text \<open>The first jump starts from a leaf: having descended along increasing labels, all
  children of the current vertex are still unmarked, so only the absence of children
  can force case (c).\<close>
lemma first_jump_from_leaf:
  assumes "k0 \<in> K" and first: "\<And>k. k \<in> K \<Longrightarrow> k0 \<le> k"
  shows "is_leaf \<Delta> n (v k0)"
proof -
  have "k0 \<noteq> 1" using assms(1) first_step_not_jump by auto
  hence range: "2 \<le> k0" "k0 \<le> n - 1" using assms(1) unfolding jump_steps_def by auto
  have descent: "is_child \<Delta> n (v j) (v (Suc j))" if "1 \<le> j" "j < k0" for j
    using initial_descent[of k0 j] first that range by fastforce
  have increasing: "v i \<le> v k0" if "i \<in> {1..k0}" for i
    using stepwise_increasing_mono[of 1 k0 v i k0] descent is_child_less[OF degree] that
    by auto
  have no_child: "\<not> is_child \<Delta> n (v k0) c" for c
  proof
    assume child: "is_child \<Delta> n (v k0) c"
    hence "c \<notin> marked v k0"
      using increasing is_child_less[OF degree] unfolding marked_def by fastforce
    hence "case_b \<Delta> n v k0" using child unfolding case_b_def by auto
    thus False using assms(1) unfolding jump_steps_def by simp
  qed
  have "is_child \<Delta> n (v (k0 - 1)) (v k0)" using descent[of "k0 - 1"] range by simp
  thus ?thesis using no_child unfolding is_leaf_def is_child_def by auto
qed

text \<open>The jump targets are distinct leaves other than the leaf of the first jump, so there
  are fewer jump steps than leaves.\<close>
lemma card_jump_steps: "card K \<le> n - internal_count \<Delta> n - 1"
proof (cases "K = {}")
  case False
  define k0 where "k0 = Min K"
  have k0: "k0 \<in> K" "\<And>k. k \<in> K \<Longrightarrow> k0 \<le> k"
    using False finite_jump_steps unfolding k0_def by auto
  have targets: "(\<lambda>k. v (Suc k)) ` K \<subseteq> {u. is_leaf \<Delta> n u} - {v k0}"
  proof
    fix u assume "u \<in> (\<lambda>k. v (Suc k)) ` K"
    then obtain k where k: "k \<in> K" "u = v (Suc k)" by auto
    have "v k0 \<in> marked v k" using k0(2)[OF k(1)] k0(1) unfolding marked_def jump_steps_def by auto
    hence "u \<noteq> v k0" using fresh[of k] k unfolding jump_steps_def by auto
    thus "u \<in> {u. is_leaf \<Delta> n u} - {v k0}" using jump_target_leaf k by auto
  qed
  have "card K = card ((\<lambda>k. v (Suc k)) ` K)" using card_image[OF inj_on_successor] by simp
  also have "\<dots> \<le> card ({u. is_leaf \<Delta> n u} - {v k0})"
    using targets is_leaf_iff[OF degree size] by (intro card_mono) auto
  also have "\<dots> = n - internal_count \<Delta> n - 1"
    using first_jump_from_leaf[OF k0] card_leaves[OF degree size] is_leaf_iff[OF degree size]
    by (simp add: card_Diff_singleton_if)
  finally show ?thesis .
qed simp

lemma card_jump_edges: "card (jump_edges \<Delta> n v) \<le> card K"
proof -
  have "jump_edges \<Delta> n v = (\<lambda>k. {v k, v (Suc k)}) ` K"
    unfolding jump_edges_def jump_steps_def by auto
  thus ?thesis using finite_jump_steps by (simp add: card_image_le)
qed

lemma card_output_edges: "card (output_edges \<Delta> n v) \<le> 2 * n - internal_count \<Delta> n - 1"
proof -
  have "card (output_edges \<Delta> n v)
          \<le> card (tree_edges \<Delta> n) + card (jump_edges \<Delta> n v) + card {{v n, 1}}"
    unfolding output_edges_def by (meson card_Un_le add_le_mono le_trans order_refl)
  also have "\<dots> \<le> (n - 1) + (n - internal_count \<Delta> n - 1) + 1"
    using card_tree_edges[of \<Delta> n] card_jump_edges card_jump_steps by simp
  finally show ?thesis using internal_count_bounds(2)[OF degree size] size by linarith
qed

end

text \<open>The final arithmetic: with b = \<Delta> - 1 and b*m \<ge> n - 1 one has n/b < m + 1.\<close>
lemma edge_budget:
  fixes \<Delta> n m :: nat
  assumes "3 \<le> \<Delta>" "n - 1 \<le> (\<Delta> - 1) * m" "1 \<le> n"
  shows "2 * real n - real m - 1 < (2 - 1 / (real \<Delta> - 1)) * real n + (real \<Delta> - 3) / 2"
proof -
  define b where "b = real \<Delta> - 1"
  have b: "2 \<le> b" unfolding b_def using assms(1) by simp
  have "real (n - 1) \<le> real ((\<Delta> - 1) * m)" using assms(2) by (rule of_nat_mono)
  moreover have "real (n - 1) = real n - 1" "real (\<Delta> - 1) = b"
    using assms unfolding b_def by (simp_all add: of_nat_diff)
  ultimately have "real n - 1 \<le> b * real m" by simp
  hence "real n / b \<le> real m + 1 / b" using b by (simp add: field_simps)
  moreover have "1 / b < 1" using b by simp
  moreover have "(2 - 1 / (real \<Delta> - 1)) * real n = 2 * real n - real n / b"
    unfolding b_def by (simp add: field_simps)
  moreover have "0 \<le> (real \<Delta> - 3) / 2" using assms(1) by simp
  ultimately show ?thesis by linarith
qed
lemma ln_fact_increase_lower:
  assumes T0: "T0 \<ge> 1" and N: "T0 + s \<le> N"
  shows "ln (fact (T0 + s)) - ln (fact T0) \<ge> real s * ln (real T0) + real s * (real s + 1) / (2 * real N)"
  using N
proof (induction s)
  case 0 thus ?case by simp
next
  case (Suc s)
  have IH: "ln (fact (T0 + s)) - ln (fact T0) \<ge> real s * ln (real T0) + real s * (real s + 1) / (2 * real N)"
    using Suc by simp
  have pos: "real T0 > 0" "real (T0 + Suc s) > 0" "real N > 0" using T0 Suc.prems by auto
  have "ln (real (T0 + Suc s) / real T0) \<ge> 1 - real T0 / real (T0 + Suc s)"
    using ln_ge_one_minus_inv[of "real (T0 + Suc s) / real T0"] pos by simp
  also have "1 - real T0 / real (T0 + Suc s) = real (Suc s) / real (T0 + Suc s)"
    using pos by (simp add: field_simps)
  also have "real (Suc s) / real (T0 + Suc s) \<ge> real (Suc s) / real N"
    using pos Suc.prems by (intro divide_left_mono) auto
  finally have st: "ln (real (T0 + Suc s)) \<ge> ln (real T0) + real (Suc s) / real N"
    using pos by (simp add: ln_div)
  have "ln (fact (T0 + Suc s)) = ln (real (T0 + Suc s)) + ln (fact (T0 + s))"
    using ln_fact_Suc[of "T0 + s"] by simp
  moreover have "real s * (real s + 1) / (2 * real N) + real (Suc s) / real N
      = real (Suc s) * (real (Suc s) + 1) / (2 * real N)" using pos by (simp add: field_simps)
  moreover have "real (Suc s) * ln (real T0) = real s * ln (real T0) + ln (real T0)" by (simp add: algebra_simps)
  ultimately show ?case using IH st by linarith
qed

lemma ln_fact_decrease_upper:
  assumes T0: "T0 \<ge> 1" and s: "s \<le> T0"
  shows "ln (fact T0) - ln (fact (T0 - s)) \<le> real s * ln (real T0) - real s * (real s - 1) / (2 * real T0)"
  using s
proof (induction s)
  case 0 thus ?case by simp
next
  case (Suc s)
  have IH: "ln (fact T0) - ln (fact (T0 - s)) \<le> real s * ln (real T0) - real s * (real s - 1) / (2 * real T0)"
    using Suc by simp
  have pos: "real T0 > 0" "real (T0 - s) > 0" using T0 Suc.prems by auto
  have eq: "T0 - s = Suc (T0 - Suc s)" using Suc.prems by simp
  have "ln (fact (T0 - s)) = ln (real (T0 - s)) + ln (fact (T0 - Suc s))"
    unfolding eq ln_fact_Suc by simp
  moreover have "ln (real (T0 - s) / real T0) \<le> real (T0 - s) / real T0 - 1"
    using pos by (intro ln_le_minus_one) auto
  hence "ln (real (T0 - s)) \<le> ln (real T0) - real s / real T0"
    using pos Suc.prems by (simp add: ln_div of_nat_diff field_simps)
  moreover have "real s * (real s - 1) / (2 * real T0) + real s / real T0
      = real (Suc s) * (real (Suc s) - 1) / (2 * real T0)" using pos by (simp add: field_simps)
  moreover have "real (Suc s) * ln (real T0) = real s * ln (real T0) + ln (real T0)" by (simp add: algebra_simps)
  ultimately show ?case using IH by linarith
qed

────────

[WORK ORDER] How many lines in the listing above contain "assumes"? Answer with the number alone.

[COMPLETED TASK] 4